(* Let $N\ge2$ and let $u\in C(S^{N-1},(0,\infty))$ be nonconstant and separable in $S^{N-1}$. Then there exist $M\in O(N)$ and $h_1,h_2\in[-1,1]$ such that: (i) $h_1>h_2$; (ii) $u_M^{-1}(\max_{S^{N-1}}u_M)=\{x\in S^{N-1}:x_N\ge h_1\}$ and $u_M^{-1}(\min_{S^{N-1}}u_M)=\{x\in S^{N-1}:x_N\le h_2\}$; (iii) for every $h\in[-1,1]$, $u_M$ is constant on $\{x\in S^{N-1}:x_N=h\}$; (iv) the function $\alpha\mapsto u_M(0_{N-2},\cos\alpha,\sin\alpha)$ is nonincreasing on $[\pi/2,3\pi/2]$.
   Context: $S^{N-1}$ is the unit sphere in $\mathbb{R}^N$ centered at $0$; $O(N)$ is the orthogonal group; for $M\in O(N)$, $u_M(x):=u(M^{-1}x)$; $0_k$ denotes the zero vector in $\mathbb{R}^k$. For an open half-space $H\subset\mathbb{R}^N$, $\sigma_H$ denotes the reflection across $\partial H$. A function $u\in C(S^{N-1},\mathbb{R})$ is separable in $S^{N-1}$ if for every open half-space $H\subset\mathbb{R}^N$ with $0\in\partial H$, either $u(x)\ge u(\sigma_Hx)$ for all $x\in H\cap S^{N-1}$, or $u(x)\le u(\sigma_Hx)$ for all $x\in H\cap S^{N-1}$. *)

theory Defs
  imports "HOL-Analysis.Analysis"
begin

text \<open>Coordinates of R^N are indexed by a finite linearly ordered type 'n;
  the N-th (last) coordinate is the largest index, the (N-1)-th is the second largest.\<close>

definition last_ix :: "'n::{finite,linorder}" where
  "last_ix = Max (UNIV :: 'n set)"

definition penult_ix :: "'n::{finite,linorder}" where
  "penult_ix = Max (UNIV - {last_ix :: 'n})"

definition reflect_hyp :: "'a::real_inner \<Rightarrow> 'a \<Rightarrow> 'a" where
  "reflect_hyp a x = x - (2 * (a \<bullet> x) / (a \<bullet> a)) *\<^sub>R a"

text \<open>Open half-spaces H with 0 on the boundary are exactly {x. a \<bullet> x > 0}, a \<noteq> 0;
  sigma_H is reflect_hyp a.\<close>
definition separable_sphere :: "('a::euclidean_space \<Rightarrow> real) \<Rightarrow> bool" where
  "separable_sphere u \<longleftrightarrow>
     (\<forall>a::'a. a \<noteq> 0 \<longrightarrow>
        (\<forall>x\<in>sphere 0 1. a \<bullet> x > 0 \<longrightarrow> u x \<ge> u (reflect_hyp a x)) \<or>
        (\<forall>x\<in>sphere 0 1. a \<bullet> x > 0 \<longrightarrow> u x \<le> u (reflect_hyp a x)))"

definition rot_fun :: "(real^'n \<Rightarrow> real) \<Rightarrow> real^'n^'n \<Rightarrow> real^'n \<Rightarrow> real" where
  "rot_fun u M x = u (matrix_inv M *v x)"

end

theory Submission
  imports Defs
begin

(* Call d \<noteq> 0 dominant if u (\<sigma>_d x) \<le> u x on the open half-sphere d \<bullet> x > 0;
  separability says that d or -d is dominant. Let c be the first moment of u over the sphere.
  Since the reflection \<sigma>_d preserves the measure,
  \<integral> (u x - u (\<sigma>_d x)) (x \<bullet> d) = 2 (c \<bullet> d), and the integrand is nonnegative when d is
  dominant; hence c \<bullet> d \<ge> 0 for every dominant d, and c \<noteq> 0 because for u q < u p the
  direction p - q is dominant with a strictly positive integrand near p. Consequently every d
  with c \<bullet> d > 0 is dominant. Applied to the reflection exchanging two points of the sphere
  this shows that u is monotone in the height x \<bullet> c, for distinct heights directly and for
  equal heights by continuity. After rotating c onto the last axis, the maximum and minimum
  sets are a cap and a cup, u is constant on parallels and monotone along meridians. *)

lemma inner_reflect_hyp_normal:
  "(a::'a::real_inner) \<noteq> 0 \<Longrightarrow> a \<bullet> reflect_hyp a x = - (a \<bullet> x)"
  by (simp add: reflect_hyp_def inner_diff_right)

lemma reflect_hyp_reflect_hyp [simp]:
  "(a::'a::real_inner) \<noteq> 0 \<Longrightarrow> reflect_hyp a (reflect_hyp a x) = x"
  by (simp add: reflect_hyp_def [of a "reflect_hyp a x"] inner_reflect_hyp_normal)
     (simp add: reflect_hyp_def)

lemma reflect_hyp_adjoint: "reflect_hyp (a::'a::real_inner) x \<bullet> y = x \<bullet> reflect_hyp a y"
  by (simp add: reflect_hyp_def inner_commute algebra_simps)

lemma inner_reflect_hyp [simp]:
  "(a::'a::real_inner) \<noteq> 0 \<Longrightarrow> reflect_hyp a x \<bullet> reflect_hyp a y = x \<bullet> y"
  by (simp add: reflect_hyp_adjoint)

lemma norm_reflect_hyp [simp]: "(a::'a::real_inner) \<noteq> 0 \<Longrightarrow> norm (reflect_hyp a x) = norm x"
  by (simp add: norm_eq_sqrt_inner)

lemma reflect_hyp_uminus [simp]: "reflect_hyp (- a) = reflect_hyp (a::'a::real_inner)"
  by (simp add: reflect_hyp_def fun_eq_iff)

lemma linear_reflect_hyp: "linear (reflect_hyp (a::'a::real_inner))"
  unfolding reflect_hyp_def
  by (intro linearI) (simp_all add: algebra_simps add_divide_distrib)

lemma orthogonal_transformation_reflect_hyp:
  "(a::'a::real_inner) \<noteq> 0 \<Longrightarrow> orthogonal_transformation (reflect_hyp a)"
  by (simp add: orthogonal_transformation_def linear_reflect_hyp)

lemma continuous_on_reflect_hyp: "continuous_on S (reflect_hyp (a::'a::euclidean_space))"
  by (intro linear_continuous_on linear_conv_bounded_linear[THEN iffD1] linear_reflect_hyp)

lemma sgn_reflect_hyp:
  "(a::'a::real_inner) \<noteq> 0 \<Longrightarrow> sgn (reflect_hyp a x) = reflect_hyp a (sgn x)"
  by (simp add: sgn_div_norm linear_scale[OF linear_reflect_hyp])

lemma reflect_hyp_diff_unit:
  fixes x y :: "'a::real_inner"
  assumes "norm x = 1" "norm y = 1" "x \<noteq> y"
  shows "reflect_hyp (x - y) x = y"
    and "0 < (x - y) \<bullet> x"
proof -
  have "x \<bullet> x = 1" "y \<bullet> y = 1"
    using assms(1,2) by (simp_all add: dot_square_norm)
  then have "(x - y) \<bullet> (x - y) = 2 * ((x - y) \<bullet> x)"
    by (simp add: inner_diff_left inner_diff_right inner_commute)
  moreover have "0 < (x - y) \<bullet> (x - y)"
    using assms(3) by simp
  ultimately show "0 < (x - y) \<bullet> x" "reflect_hyp (x - y) x = y"
    by (simp_all add: reflect_hyp_def)
qed

definition dominates_reflection :: "('a::real_inner \<Rightarrow> real) \<Rightarrow> 'a \<Rightarrow> bool" where
  "dominates_reflection u d \<longleftrightarrow>
     (\<forall>x\<in>sphere 0 1. 0 < d \<bullet> x \<longrightarrow> u (reflect_hyp d x) \<le> u x)"

definition dominance_axis :: "('a::real_inner \<Rightarrow> real) \<Rightarrow> 'a \<Rightarrow> bool" where
  "dominance_axis u c \<longleftrightarrow>
     c \<noteq> 0 \<and> (\<forall>d. d \<noteq> 0 \<longrightarrow> dominates_reflection u d \<longrightarrow> 0 \<le> c \<bullet> d)"

definition sphere_monotone :: "('a::real_inner \<Rightarrow> real) \<Rightarrow> 'a \<Rightarrow> bool" where
  "sphere_monotone u c \<longleftrightarrow>
     (\<forall>x\<in>sphere 0 1. \<forall>y\<in>sphere 0 1. y \<bullet> c \<le> x \<bullet> c \<longrightarrow> u y \<le> u x)"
____________
§ GOAL OF THE EXERCISE:
Copy each line of the listing that contains "definition".

§ EXERCISE OUTPUT:
definition last_ix :: "'n::{finite,linorder}" where
definition penult_ix :: "'n::{finite,linorder}" where
definition reflect_hyp :: "'a::real_inner \<Rightarrow> 'a \<Rightarrow> 'a" where
definition separable_sphere :: "('a::euclidean_space \<Rightarrow> real) \<Rightarrow> bool" where
definition rot_fun :: "(real^'n \<Rightarrow> real) \<Rightarrow> real^'n^'n \<Rightarrow> real^'n \<Rightarrow> real" where
definition dominates_reflection :: "('a::real_inner \<Rightarrow> real) \<Rightarrow> 'a \<Rightarrow> bool" where
definition dominance_axis :: "('a::real_inner \<Rightarrow> real) \<Rightarrow> 'a \<Rightarrow> bool" where
definition sphere_monotone :: "('a::real_inner \<Rightarrow> real) \<Rightarrow> 'a \<Rightarrow> bool" where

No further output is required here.